Abbott died of AIDS in San Francisco in 1992.

Steve Abbott was raised in Lincoln, Nebraska, where he later studied literature at the University of Nebraska. Abbott dabbled in poetry, but eventually he stopped because his university studies did not encourage this. After graduating in 1967, he went to a Benedictine monastery for two years. Abbott then left the monastery, which he found corrupt, and drifted around France with a wealthy English friend.

By 1971, he had married and moved to Atlanta, where he began graduate studies at Emory University. In Atlanta he lived in a commune, had a daughter, and became involved in the civil rights and antiwar movements. With his wife's encouragement, Abbott "came out" and became involved in the gay liberation movement. In 1972, his wife was killed in a car accident. The same year Abbott also lost his first gay lover, who was killed by an AWOL marine.

Abbott started to write again after he and his daughter moved to San Francisco in 1973, where he was introduced to the poetry of Jack Spicer. Spicer's work showed Abbott that poetry was a way to get in touch with his gay identity. Abbott said that it was like being reborn. Poetry was his raison d'etre.


Photo by Robert Giard, Rights Notice: Copyright Jonathan G. Silin (jsilin@optonline.net)


1666 Page St, San Francisco, CA


545 Ashbury St, San Francisco, CA

The first poet he admired was Aaron Shurin. Shurin introduced Abbott to Robert Duncan's poem "Torso", which is about the poet's feelings for his lovers. Abbott was deeply moved and responded by writing a poem called "Wrecked Hearts". The poem was later to become the title poem to his first book of poetry, which he self-published in 1978. His second collection of poetry, Transmuting Gold, was published in the same year.

In 1979 Steve Abbott began to establish a reputation for himself both as a poet and as a critic. He founded Poetry Flash, a monthly poetry magazine that showcased the San Francisco Beat poetry scene. Shortly thereafter, however, Abbott began reading the work of Dennis Cooper, Kathy Acker, and other writers who excited him more than the Beat poets. Their writing, which grew from the avant-garde poetry and art scenes of San Francisco and New York, prompted Abbott to start Soup magazine in 1980 to showcase their work.

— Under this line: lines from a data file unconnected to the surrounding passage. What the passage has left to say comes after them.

lemma abs_err_remainder_le:
  assumes tn: "tnet G Ts" and \<delta>: "\<delta> \<in> S_eps G \<epsilon>" and "\<epsilon> \<le> 1"
    and \<beta>: "\<beta> \<in> idx G (open_legs G)"
  shows "\<bar>err_remainder G Ts \<delta> \<beta>\<bar>
           \<le> real (card (idx G (contracted G))) * (\<epsilon>\<^sup>2 * (entry_bound G Ts + 1) ^ nverts G)"
proof -
  let ?n = "nverts G" and ?K = "entry_bound G Ts" and ?\<Gamma> = "idx G (contracted G)"
  let ?x = "\<lambda>\<gamma> k. Ts k (site_idx G k \<beta> \<gamma>)" and ?y = "\<lambda>\<gamma> k. \<delta> k (site_idx G k \<beta> \<gamma>)"
  define E where "E \<gamma> = (\<Prod>k<?n. ?x \<gamma> k + ?y \<gamma> k) - (\<Prod>k<?n. ?x \<gamma> k)
                         - (\<Sum>i<?n. \<Prod>k<?n. if k = i then ?y \<gamma> k else ?x \<gamma> k)" for \<gamma>
  have "err_remainder G Ts \<delta> \<beta> = (\<Sum>\<gamma>\<in>?\<Gamma>. E \<gamma>)"
    unfolding E_def by (rule err_remainder_eq_sum[OF \<beta>])
  also have "\<bar>\<dots>\<bar> \<le> (\<Sum>\<gamma>\<in>?\<Gamma>. \<epsilon>\<^sup>2 * (?K + 1) ^ ?n)"
  proof (rule order_trans[OF sum_abs sum_mono])
    fix \<gamma> assume \<gamma>: "\<gamma> \<in> ?\<Gamma>"
    have y_le: "\<bar>?y \<gamma> k\<bar> \<le> fnorm G (incident G k) (\<delta> k)" for k
      unfolding fnorm_L2_set
      by (rule abs_le_L2_set[OF finite_idx[OF tnet_finite_incident[OF tn]] site_idx_in_idx[OF \<beta> \<gamma>]])
    have "\<bar>E \<gamma>\<bar> \<le> (\<Sum>k<?n. \<bar>?y \<gamma> k\<bar>)\<^sup>2 * (?K + 1) ^ ?n"
      unfolding E_def
    proof (rule prod_add_first_order_le[OF _ _ entry_bound_nonneg])
      fix k assume "k < ?n"
      then show "\<bar>?x \<gamma> k\<bar> \<le> ?K" by (rule abs_le_entry_bound[OF tn _ site_idx_in_idx[OF \<beta> \<gamma>]])
      show "\<bar>?y \<gamma> k\<bar> \<le> 1" using y_le[of k] fnorm_le_of_S_eps[OF \<delta> \<open>k < ?n\<close>] assms(3) by linarith
    qed
    also have "\<dots> \<le> \<epsilon>\<^sup>2 * (?K + 1) ^ ?n"
    proof (intro mult_right_mono power_mono)
      have "(\<Sum>k<?n. \<bar>?y \<gamma> k\<bar>) \<le> (\<Sum>k<?n. fnorm G (incident G k) (\<delta> k))"
        by (rule sum_mono) (rule y_le)
      then show "(\<Sum>k<?n. \<bar>?y \<gamma> k\<bar>) \<le> \<epsilon>" using sum_fnorm_le_of_S_eps[OF \<delta>] by linarith
    qed (use entry_bound_nonneg[of G Ts] in \<open>auto simp: sum_nonneg\<close>)
    finally show "\<bar>E \<gamma>\<bar> \<le> \<epsilon>\<^sup>2 * (?K + 1) ^ ?n" .
  qed
  finally show ?thesis by simp
qed

lemma fnorm_err_remainder_le:
  assumes "tnet G Ts" "\<delta> \<in> S_eps G \<epsilon>" "\<epsilon> \<le> 1"
  shows "fnorm G (open_legs G) (err_remainder G Ts \<delta>) \<le> remainder_const G Ts * \<epsilon>\<^sup>2"
proof -
  have "fnorm G (open_legs G) (err_remainder G Ts \<delta>)
          \<le> (\<Sum>\<beta>\<in>idx G (open_legs G). \<bar>err_remainder G Ts \<delta> \<beta>\<bar>)"
    unfolding fnorm_L2_set by (rule L2_set_le_sum_abs)
  also have "\<dots> \<le> real (card (idx G (open_legs G))) * (real (card (idx G (contracted G)))
                    * (\<epsilon>\<^sup>2 * (entry_bound G Ts + 1) ^ nverts G))"
    by (rule sum_bounded_above) (rule abs_err_remainder_le[OF assms])
  finally show ?thesis by (simp add: remainder_const_def algebra_simps)
qed
(* Let $a<b$ and let $f:[a,b]\rightarrow\mathbb{R}$ be a twice continuously differentiable mapping in $(a,b)$ with $f''\in L^2[a,b]$. Then \[ \left|\frac{f(a)+f(b)}{2}-\frac{1}{b-a}\int_{a}^{b}f(t)\,dt\right|\leq \frac{(b-a)^{3/2}}{2\sqrt{3}\pi}\|f''\|_2. \]
   Context: $\|g\|_2=\left(\int_a^b g(t)^2\,dt\right)^{1/2}$. *)

theory Defs
  imports "HOL-Analysis.Analysis"
begin

definition L2_norm_on :: "real \<Rightarrow> real \<Rightarrow> (real \<Rightarrow> real) \<Rightarrow> real" where
  "L2_norm_on a b g = sqrt (integral {a..b} (\<lambda>t. (g t)^2))"

end

theory Submission
  imports Defs
begin

text \<open>
  With the Peano kernel \<open>K t = (t - a) (b - t) / 2\<close>, two integrations by parts give
  \<open>(b - a)/2 (f a + f b) - \<integral>\<^sub>a\<^sup>b f = \<integral>\<^sub>a\<^sup>b K f''\<close>, and Cauchy--Schwarz bounds the right-hand side by
  \<open>\<parallel>K\<parallel>\<^sub>2 \<parallel>f''\<parallel>\<^sub>2 = ((b - a)\<^sup>5/120)\<^sup>1\<^sup>/\<^sup>2 \<parallel>f''\<parallel>\<^sub>2\<close>; the claim follows from \<open>12 \<pi>\<^sup>2 \<le> 120\<close>.
  The boundary terms \<open>K f'\<close> vanish because \<open>f'' \<in> L\<^sup>2\<close> makes \<open>f'\<close> Hoelder continuous of
  order 1/2, hence bounded on \<open>(a, b)\<close>.
\<close>

definition trapezoid_kernel :: "real \<Rightarrow> real \<Rightarrow> real \<Rightarrow> real" where
  "trapezoid_kernel a b t = (t - a) * (b - t) / 2"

Abbott later wrote about this growing group of writers called the "New Narrative Movement" in an article in Soup, an article that was subsequently published in his collection of essays, View Askew.

This new narrative writing, which Abbott had characterized as "speaking to and creating community" while agonizing over those responsabilities and as employing "deconstructive writing techniques and popular culture to show how personality is constructed" (a letter to the author dated 10 February 1991), became influential in Abbott's subsequent works. After publishing his last collection of poetry, Stretching the Agape Bra, he started to write a pastiche-style prose, first introduced to him by the work of Kathy Acker. Like other new narrative writing, Abbott's fiction arised from a grid of autobiographical snippets.

During the 1980s he also wrote essays and book reviews, as well as conducted interviews for The Advocate and The James White Review. Abbott's work had also been published in numerous gay 'zines like Homocore and the Dear World. Abbott had published two chapbooks, Lives of the Poets and Skinny Trip to a Far Place, and a novel, Holy Terror. An excerpt from his novel, The Lizard Club, appeared in Dennis Cooper's anthology, Discontents. His work also appeared in several anthologies including Homeless, not Helpless, An Ear of the Ground, and Men Confront Pornography.

Steve Abbott's collection of essays, View Askew, could be seen as his best work. The book's informal essays are often as much about him and his life in San Francisco as they are about their subjects. In approach View Askew is similar to his novels. However, Abbott here explicitly addressed his questions and concerns about art, life and community.

In that book, Abbott also revealed his HIV-positive status in the last section of the epilogue, where he recounted caring for a friend with AIDS:

Because I'm antibody positive, I know I'll be in J.D.'s position myself someday - still alive but fading with little control of body and mind. We all die differently, just as well all live differently. I don't know what it will be like for me but I'm no longer afraid. I still feel angry, frustrated or self-pitying sometimes - often over the most trivial incidents - but when I'm with J.D. these feelings drop away. And I'm filled with such a profound gratitude to be alive, to be Gay and to have the friends I have and have had that I cannot explain it.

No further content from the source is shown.